融合语义资源和关键词的文本聚类

doi:10.3969/j.issn.1000-3428.2014.04.043

计算机工程

融合语义资源和关键词的文本聚类

吴舜尧^1a,1b，邵峰晶^1a,1b，王金龙²，孙仁诚^1b，王营^1b

(1. 青岛大学 a. 自动化工程学院；b. 信息工程学院，山东青岛 266071；2. 青岛理工大学计算机工程学院，山东青岛 266033)

收稿日期:2013-05-18 出版日期:2014-04-15 发布日期:2014-04-14
作者简介:吴舜尧(1986－)，男，博士研究生，主研方向：数据挖掘，复杂网络；邵峰晶，教授、博士；王金龙、孙仁诚，副教授、博士；王营，硕士研究生。
基金资助:
国家自然科学基金资助项目(91130035)；国家公益性行业科研专项基金资助项目(200905030-2)；山东省自然科学基金资助重点项目(ZR2012FZ003)；山东省自然科学基金资助项目(ZR2012FQ017)；青岛市科技计划基金资助项目(13-1-4-12-jch, 12-1-4-4-(8)-jch)。

Document Clustering Fused with Semantic Resources and Key Words

WU Shun-yao ^1a,1b, SHAO Feng-jing ^1a,1b, WANG Jin-long ², SUN Ren-cheng ^1b, WANG Ying ^1b

(1a. College of Automation Engineering; 1b. College of Information Engineering, Qingdao University, Qingdao 266071, China; 2. School of Computer Engineering, Qingdao Technological University, Qingdao 266033, China)

Received:2013-05-18 Online:2014-04-15 Published:2014-04-14

摘要/Abstract

摘要： 融合关键词形式的属性层知识可有效提高文本聚类的聚类质量，但融合关键词的簇中心初始化仍是一个开放性问题。为此，提出一种融合语义资源和关键词的文本聚类方法。通过Wikipedia语义识别文本集的主题，采用基于资源分配的网络推断策略，通过文献协同关系发现潜在语义相关性，以选择最能代表各主题的重要文档(初始簇中心)，并利用软约束与测度学习相结合的策略融合关键词辅助文本聚类。在20Newsgourp文本集上的实验结果表明，与k-means和仅融合关键词的文本聚类方法相比，该方法可有效提升聚类质量，尤其在News_Different_3数据集上标准互信息最多可提升约20%。

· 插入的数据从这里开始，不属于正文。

(* Let $(\Omega,\mathcal A',\mathbb Q)$ be a probability space carrying a real random variable $Y$, and let $\mathcal A\subseteq\mathcal A'$ be a sub-$\sigma$-field. Let $F$ be a CDF-valued random quantity that is ideal relative to $\mathcal A$, i.e. $F$ is a regular version of the conditional distribution of $Y$ given $\mathcal A$. Let $\alpha\in(0,1)$, let $Q$ be an $\mathcal A$-measurable random variable such that $Q(\omega)$ is an $\alpha$-quantile of $F(\omega)$ for almost every $\omega$, and let $X_1,X_2$ be $\mathcal A$-measurable real random variables such that almost surely either $X_2\le X_1\le Q$ or $Q\le X_1\le X_2$. Then $X_1$ dominates $X_2$ as an $\alpha$-quantile forecast: $\mathbb E_{\mathbb Q}\,\mathrm S(X_1,Y)\le\mathbb E_{\mathbb Q}\,\mathrm S(X_2,Y)$ for every $\mathrm S\in\mathcal S^{\rm Q}_\alpha$. Analogously, if $\mathbb E_{\mathbb Q}|Y|<\infty$, $T$ is the ($\mathcal A$-measurable) $\alpha$-expectile of $F$, and almost surely either $X_2\le X_1\le T$ or $T\le X_1\le X_2$, then $\mathbb E_{\mathbb Q}\,\mathrm S(X_1,Y)\le\mathbb E_{\mathbb Q}\,\mathrm S(X_2,Y)$ for every $\mathrm S\in\mathcal S^{\rm E}_\alpha$.
   Context: For a CDF $G$, its $\alpha$-quantiles are the points of $[\sup\{s:G(s)<\alpha\},\sup\{s:G(s)\le\alpha\}]$; for $G$ with finite first moment, its $\alpha$-expectile is the unique $t$ with $(1-\alpha)\int_{-\infty}^t(t-y)\,\mathrm dG(y)=\alpha\int_t^\infty(y-t)\,\mathrm dG(y)$. $\mathcal S^{\rm Q}_\alpha$ is the class of scoring functions $\mathrm S(x,y)=(\mathbb 1(y<x)-\alpha)(g(x)-g(y))$ with $g:\mathbb R\to\mathbb R$ left-continuous non-decreasing; $\mathcal S^{\rm E}_\alpha$ is the class of scoring functions $\mathrm S(x,y)=|\mathbb 1(y<x)-\alpha|\,(\phi(y)-\phi(x)-\phi'(x)(y-x))$ with $\phi$ convex and $\phi'$ its left-hand derivative. Expectations of these nonnegative functions take values in $[0,\infty]$. *)

theory Defs
  imports "HOL-Probability.Probability"
begin
lemma Lambda_witnessed_uniform_Lambda_tilde:
  assumes "1 < m"
  shows "Lambda_witnessed (Omega_mu (enat m)) (Lambda_tilde (enat m))"
proof -
  define k where "k = m div 3"
  consider "m = 2 \<or> m = 4" | "m = 3 * k" | "m = 3 * k + 1" "m \<noteq> 4" | "m = 3 * k + 2" "m \<noteq> 2"
    unfolding k_def by linarith
  then show ?thesis
  proof cases
    case 1
    then show ?thesis
      using Lambda_witnessed_uniform_segment[of 1] Lambda_witnessed_uniform_segment[of 2]
      by (auto simp: Lambda_tilde_def)
  next
    case 2
    then have "0 < k"
      using assms by simp
    then show ?thesis
      using Lambda_witnessed_uniform_triangle[of m k k] Lambda_tilde_three_mul[OF 2] 2
      by (simp add: power2_eq_square)
  next
    case 3
    then have "2 \<le> k"
      using assms by simp
    then have "2 * k \<le> k * k"
      by (rule mult_le_mono1)
    then have "Suc (k + k) < 2 * (k * k)"
      using \<open>2 \<le> k\<close> by linarith
    then have "(k + 1)\<^sup>2 < 3 * k\<^sup>2"
      by (simp add: power2_eq_square)
    then show ?thesis
      using Lambda_witnessed_uniform_triangle[of m "k + 1" k] Lambda_tilde_three_mul_plus_one[OF 3(1) \<open>2 \<le> k\<close>] 3
      by simp
  next
    case 4
    then have "1 \<le> k"
      using assms by simp
    moreover have "k\<^sup>2 < 3 * (k + 1)\<^sup>2"
      by (simp add: power2_eq_square)
    ultimately show ?thesis
      using Lambda_witnessed_uniform_triangle[of m k "k + 1"] Lambda_tilde_three_mul_plus_two[OF 4(1)] 4
      by simp
  qed
qed

theorem lemmaA2:
  fixes n :: enat
  assumes "1 < n"
  shows "\<exists>g \<in> Linfty (Omega_mu n).
           diameter (ess_range (Omega_mu n) g) = 1 \<and>
           Lambda_tilde n = (SUP z\<in>(UNIV::complex set). 1 / L1norm (Omega_mu n) (\<lambda>x. g x - z))"
proof -
  have "Lambda_witnessed (Omega_mu n) (Lambda_tilde n)"
  proof (cases n)
    case infinity
    then show ?thesis
      using Lambda_witnessed_unit_interval_triangle[of "1 / 3" "1 / 3"] Lambda_tilde_infinity
      by simp
  next
    case (enat m)
    then show ?thesis
      using Lambda_witnessed_uniform_Lambda_tilde assms by (simp add: one_enat_def)
  qed
  then show ?thesis
    unfolding Lambda_witnessed_def .
qed

end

关键词: 关键词, 文本聚类, Wikipedia语义, 簇中心初始化, 网络推断, 重要文档

Abstract: Fusing attribute-level knowledge in the form of key words can effectively improve the performance of document clustering. However, initialization of cluster center of key words is still an open issue. Therefore, this paper utilizes Wikipedia semantics to identify semantic themes, and adopts network-based inference strategy with dynamic resource-allocation to find hidden semantic relatedness according to article collaborative relationship, so as to select the most important documents(initial points) which can reflect semantic themes. It incorporates key words into document clustering by combing metric learning and soft-constraint strategies. Comparisons results with k-means and semi-supervised clustering method with key words on 20Newsgroup collection demonstrate that initialization for document clustering with key words can effectively improve clustering quality. Especially on News_Different_3, the improvement is about 20% under Normalized Mutual Information(NMI) index.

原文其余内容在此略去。